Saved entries
****************************************

text \<open>Independence of the columns of X_B cancels X_B on both sides of X_B F X_B^* = 0.\<close>
lemma sandwich_mat_nonzero:
  assumes X: "X \<in> carrier_mat n n" "mat_adjoint X = X" and B: "B \<subseteq> {..<n}"
    and indpt: "lin_indpt_cols n X B"
    and nonzero: "a0 \<in> B" "b0 \<in> B" "F a0 b0 \<noteq> 0"
  shows "sandwich_mat n X B F \<noteq> 0\<^sub>m n n"
proof
  assume zero: "sandwich_mat n X B F = 0\<^sub>m n n"
  have herm: "\<forall>i<n. \<forall>j<n. X $$ (i, j) = cnj (X $$ (j, i))" using X mat_adjoint_eq_iff by blast
  have right: "(\<Sum>b\<in>B. F a b * X $$ (b, q)) = 0" if q: "q < n" and a: "a \<in> B" for q a
  proof -
    have "(\<Sum>a\<in>B. (\<Sum>b\<in>B. F a b * X $$ (b, q)) * X $$ (p, a)) = sandwich_mat n X B F $$ (p, q)"
      if "p < n" for p
      using that q by (simp add: sandwich_mat_def sum_distrib_left sum_distrib_right mult_ac)
    then have "\<forall>p<n. (\<Sum>a\<in>B. (\<Sum>b\<in>B. F a b * X $$ (b, q)) * X $$ (p, a)) = 0"
      using zero q by simp
    then show ?thesis
      using indpt a unfolding lin_indpt_cols_def by (elim allE[of _ "\<lambda>a. \<Sum>b\<in>B. F a b * X $$ (b, q)"]) auto
  qed
  have "(\<Sum>b\<in>B. cnj (F a0 b) * X $$ (q, b)) = cnj (\<Sum>b\<in>B. F a0 b * X $$ (b, q))" if "q < n" for q
    using herm that B by (simp, intro sum.cong refl) (metis lessThan_iff subsetD)
  then have "\<forall>q<n. (\<Sum>b\<in>B. cnj (F a0 b) * X $$ (q, b)) = 0"
    using right nonzero(1) by simp
  then have "cnj (F a0 b0) = 0"
    using indpt nonzero(2) unfolding lin_indpt_cols_def by (elim allE[of _ "\<lambda>b. cnj (F a0 b)"]) auto
  then show False using nonzero(3) by simp
qed
(* Let $\mathcal{G}=(\mathcal{V},\mathcal{E})$ be a connected non-bipartite graph with node set $\mathcal{V}=\{1,\dots,N\}$, and let $\tilde{\mathcal{G}}=(\tilde{\mathcal{V}},\tilde{\mathcal{E}})$ be $\mathcal{G}$ with a self-loop added at every node, with adjacency matrix $\tilde A$ and diagonal degree matrix $\tilde D$. For $u\in\mathcal{V}$ let $\mathcal{N}(u)$ be the set of neighbours of $u$ in $\tilde{\mathcal{G}}$ and $\deg(u)=|\mathcal{N}(u)|$ (so $\tilde D=\operatorname{diag}(\deg(1),\dots,\deg(N))$). Random environment: let $\vec\xi=(\Theta^{(1)},\Theta^{(2)},\dots)$ be a sequence of independent, identically distributed random $\{0,1\}^{N\times N}$ matrices with entries $\theta^{(l)}(u,v)$, where $\theta^{(l)}(u,v)=0$ if $(u,v)\notin\tilde{\mathcal{E}}$, and for $(u,v)\in\tilde{\mathcal{E}}$, $\theta^{(l)}(u,v)$ is Bernoulli with $\mathbf P(\theta^{(l)}(u,v)=0)=\frac{1}{|\mathcal{E}|}$, $\mathbf P(\theta^{(l)}(u,v)=1)=1-\frac{1}{|\mathcal{E}|}$; for each $u$ the variables $\theta^{(l)}(u,v)$, $v\in\mathcal{N}(u)$, are independent. Let $\zeta^{(l)}_u=\sum_{v\in\mathcal{N}(u)}\theta^{(l)}(u,v)$ (so $\zeta^{(l)}_u$ is Binomial$(\deg(u),1-\frac1{|\mathcal{E}|})$), and define the random transition matrix $P(\Theta^{(l)})$ by $p(\Theta^{(l)};u,v)=\theta^{(l)}(u,v)/\zeta^{(l)}_u$ when $\zeta^{(l)}_u>0$, and $p(\Theta^{(l)};u,\cdot)=\delta_u$ (the walk stays at $u$) when $\zeta^{(l)}_u=0$. Let $\vec V=(V_0,V_1,\dots)$ be a $\mathcal{V}$-valued process such that $(\vec V,\vec\xi)$ is a Markov chain in a random environment, i.e. for all $l\ge 1$ and $v_0,\dots,v_l\in\mathcal{V}$, $\mathbf P(V_l=v_l\mid V_0=v_0,\dots,V_{l-1}=v_{l-1},\vec\xi)=p(\Theta^{(l)};v_{l-1},v_l)$. Then, under the law $\mathbf P$ (averaging over the environment), $\vec V$ is a time-homogeneous Markov chain with transition matrix $$P_{\mathrm{drop}}=(I-\Gamma)\tilde D^{-1}\tilde A+\Gamma,\qquad \Gamma=\operatorname{diag}\Big(\tfrac{1}{|\mathcal{E}|^{\deg(1)}},\dots,\tfrac{1}{|\mathcal{E}|^{\deg(N)}}\Big).$$
   Context: This models the DropEdge method applied to GCN: at each layer every edge of $\tilde{\mathcal G}$ is independently dropped, and message passing uses the row-normalized dropped adjacency matrix. $|\mathcal{E}|$ is the number of edges of $\mathcal{G}$. *)

theory Defs
  imports "HOL-Probability.Probability"
begin

definition simple_graph :: "nat \<Rightarrow> nat set set \<Rightarrow> bool" where
  "simple_graph N E \<longleftrightarrow> (\<forall>e\<in>E. card e = 2 \<and> e \<subseteq> {1..N})"

definition adj :: "nat set set \<Rightarrow> nat \<Rightarrow> nat \<Rightarrow> bool" where
  "adj E u v \<longleftrightarrow> u \<noteq> v \<and> {u, v} \<in> E"
(* For every instance $(A,C,k)$, every committee $W$ that the Greedy Justified Candidate Rule (GJCR) can output (under any tie-breaking), and every AV-completion $\overline{W}$ of $W$, the utilitarian ratio of $\overline{W}$ is at least $\frac{2}{\sqrt{k}}-\frac1k$.
   Context: An instance $(A,C,k)$ consists of a finite nonempty candidate set $C$, voters $N=\{1,\dots,n\}$, approval sets $A_i\subseteq C$, and a committee size $1\le k\le|C|$. $N_c=\{i: c\in A_i\}$. $\mathrm{sw}(W)=\sum_i|A_i\cap W|$; the utilitarian ratio of a committee $W$ ($|W|\le k$) is $\mathrm{sw}(W)/\max\{\mathrm{sw}(W'):|W'|=k\}$. GJCR starts with $W=\emptyset$ and repeatedly does the following: if there exist $c\in C\setminus W$, $\ell\in\{1,\dots,k\}$ and $N'\subseteq N_c$ with $|N'|\ge\ell n/k$ and $|A_i\cap W|<\ell$ for all $i\in N'$, it picks such a triple with $|N'|$ maximum (ties broken arbitrarily) and adds $c$ to $W$; otherwise it terminates and outputs $W$. An AV-completion of $W$ is $W\cup T$ with $T\subseteq C\setminus W$, $|T|=k-|W|$, maximizing $\sum_{c\in T}|N_c|$. *)

theory Defs
  imports Complex_Main
begin

definition voters :: "nat \<Rightarrow> nat set" where
  "voters n = {1..n}"

definition is_instance :: "'c set \<Rightarrow> nat \<Rightarrow> (nat \<Rightarrow> 'c set) \<Rightarrow> nat \<Rightarrow> bool" where
  "is_instance C n A k \<longleftrightarrow> finite C \<and> C \<noteq> {} \<and> (\<forall>i\<in>voters n. A i \<subseteq> C)
     \<and> 1 \<le> k \<and> k \<le> card C"

definition supporters :: "nat \<Rightarrow> (nat \<Rightarrow> 'c set) \<Rightarrow> 'c \<Rightarrow> nat set" where
  "supporters n A c = {i \<in> voters n. c \<in> A i}"

definition sw :: "nat \<Rightarrow> (nat \<Rightarrow> 'c set) \<Rightarrow> 'c set \<Rightarrow> nat" where
  "sw n A W = (\<Sum>i\<in>voters n. card (A i \<inter> W))"

definition opt_sw :: "'c set \<Rightarrow> nat \<Rightarrow> (nat \<Rightarrow> 'c set) \<Rightarrow> nat \<Rightarrow> nat" where
  "opt_sw C n A k = Max {sw n A W' | W'. W' \<subseteq> C \<and> card W' = k}"

definition util_ratio :: "'c set \<Rightarrow> nat \<Rightarrow> (nat \<Rightarrow> 'c set) \<Rightarrow> nat \<Rightarrow> 'c set \<Rightarrow> real" where
  "util_ratio C n A k W = real (sw n A W) / real (opt_sw C n A k)"

definition gjcr_triple :: "'c set \<Rightarrow> nat \<Rightarrow> (nat \<Rightarrow> 'c set) \<Rightarrow> nat \<Rightarrow> 'c set
    \<Rightarrow> 'c \<Rightarrow> nat \<Rightarrow> nat set \<Rightarrow> bool" where
  "gjcr_triple C n A k W c l N' \<longleftrightarrow>
     c \<in> C - W \<and> 1 \<le> l \<and> l \<le> k \<and> N' \<subseteq> supporters n A c
     \<and> real (card N') \<ge> real l * real n / real k
     \<and> (\<forall>i\<in>N'. card (A i \<inter> W) < l)"

definition gjcr_step :: "'c set \<Rightarrow> nat \<Rightarrow> (nat \<Rightarrow> 'c set) \<Rightarrow> nat \<Rightarrow> 'c set \<Rightarrow> 'c set \<Rightarrow> bool" where
  "gjcr_step C n A k W W' \<longleftrightarrow>
     (\<exists>c l N'. gjcr_triple C n A k W c l N'
        \<and> (\<forall>c2 l2 N2. gjcr_triple C n A k W c2 l2 N2 \<longrightarrow> card N2 \<le> card N')
        \<and> W' = insert c W)"

inductive gjcr_reach :: "'c set \<Rightarrow> nat \<Rightarrow> (nat \<Rightarrow> 'c set) \<Rightarrow> nat \<Rightarrow> 'c set \<Rightarrow> bool"
  for C n A k where
  start: "gjcr_reach C n A k {}"
| step: "gjcr_reach C n A k W \<Longrightarrow> gjcr_step C n A k W W' \<Longrightarrow> gjcr_reach C n A k W'"

definition gjcr_output :: "'c set \<Rightarrow> nat \<Rightarrow> (nat \<Rightarrow> 'c set) \<Rightarrow> nat \<Rightarrow> 'c set \<Rightarrow> bool" where
  "gjcr_output C n A k W \<longleftrightarrow> gjcr_reach C n A k W
     \<and> \<not> (\<exists>c l N'. gjcr_triple C n A k W c l N')"

definition av_completion :: "'c set \<Rightarrow> nat \<Rightarrow> (nat \<Rightarrow> 'c set) \<Rightarrow> nat \<Rightarrow> 'c set \<Rightarrow> 'c set \<Rightarrow> bool" where
  "av_completion C n A k W Wb \<longleftrightarrow>
     (\<exists>T. T \<subseteq> C - W \<and> card T = k - card W \<and> Wb = W \<union> T
        \<and> (\<forall>T'. T' \<subseteq> C - W \<and> card T' = k - card W \<longrightarrow>
              (\<Sum>c\<in>T'. card (supporters n A c)) \<le> (\<Sum>c\<in>T. card (supporters n A c))))"

end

****************************************

* **Exercise aim**: The required answer is the exact run of lines above starting at the line with "nat set \<Rightarrow>" and ending at the line with "card W \<longrightarrow>", with both ends present.

* **Solution to this exercise**:
    \<Rightarrow> 'c \<Rightarrow> nat \<Rightarrow> nat set \<Rightarrow> bool" where
  "gjcr_triple C n A k W c l N' \<longleftrightarrow>
     c \<in> C - W \<and> 1 \<le> l \<and> l \<le> k \<and> N' \<subseteq> supporters n A c
     \<and> real (card N') \<ge> real l * real n / real k
     \<and> (\<forall>i\<in>N'. card (A i \<inter> W) < l)"

definition gjcr_step :: "'c set \<Rightarrow> nat \<Rightarrow> (nat \<Rightarrow> 'c set) \<Rightarrow> nat \<Rightarrow> 'c set \<Rightarrow> 'c set \<Rightarrow> bool" where
  "gjcr_step C n A k W W' \<longleftrightarrow>
     (\<exists>c l N'. gjcr_triple C n A k W c l N'
        \<and> (\<forall>c2 l2 N2. gjcr_triple C n A k W c2 l2 N2 \<longrightarrow> card N2 \<le> card N')
        \<and> W' = insert c W)"

inductive gjcr_reach :: "'c set \<Rightarrow> nat \<Rightarrow> (nat \<Rightarrow> 'c set) \<Rightarrow> nat \<Rightarrow> 'c set \<Rightarrow> bool"
  for C n A k where
  start: "gjcr_reach C n A k {}"
| step: "gjcr_reach C n A k W \<Longrightarrow> gjcr_step C n A k W W' \<Longrightarrow> gjcr_reach C n A k W'"

definition gjcr_output :: "'c set \<Rightarrow> nat \<Rightarrow> (nat \<Rightarrow> 'c set) \<Rightarrow> nat \<Rightarrow> 'c set \<Rightarrow> bool" where
  "gjcr_output C n A k W \<longleftrightarrow> gjcr_reach C n A k W
     \<and> \<not> (\<exists>c l N'. gjcr_triple C n A k W c l N')"

definition av_completion :: "'c set \<Rightarrow> nat \<Rightarrow> (nat \<Rightarrow> 'c set) \<Rightarrow> nat \<Rightarrow> 'c set \<Rightarrow> 'c set \<Rightarrow> bool" where
  "av_completion C n A k W Wb \<longleftrightarrow>
     (\<exists>T. T \<subseteq> C - W \<and> card T = k - card W \<and> Wb = W \<union> T
        \<and> (\<forall>T'. T' \<subseteq> C - W \<and> card T' = k - card W \<longrightarrow>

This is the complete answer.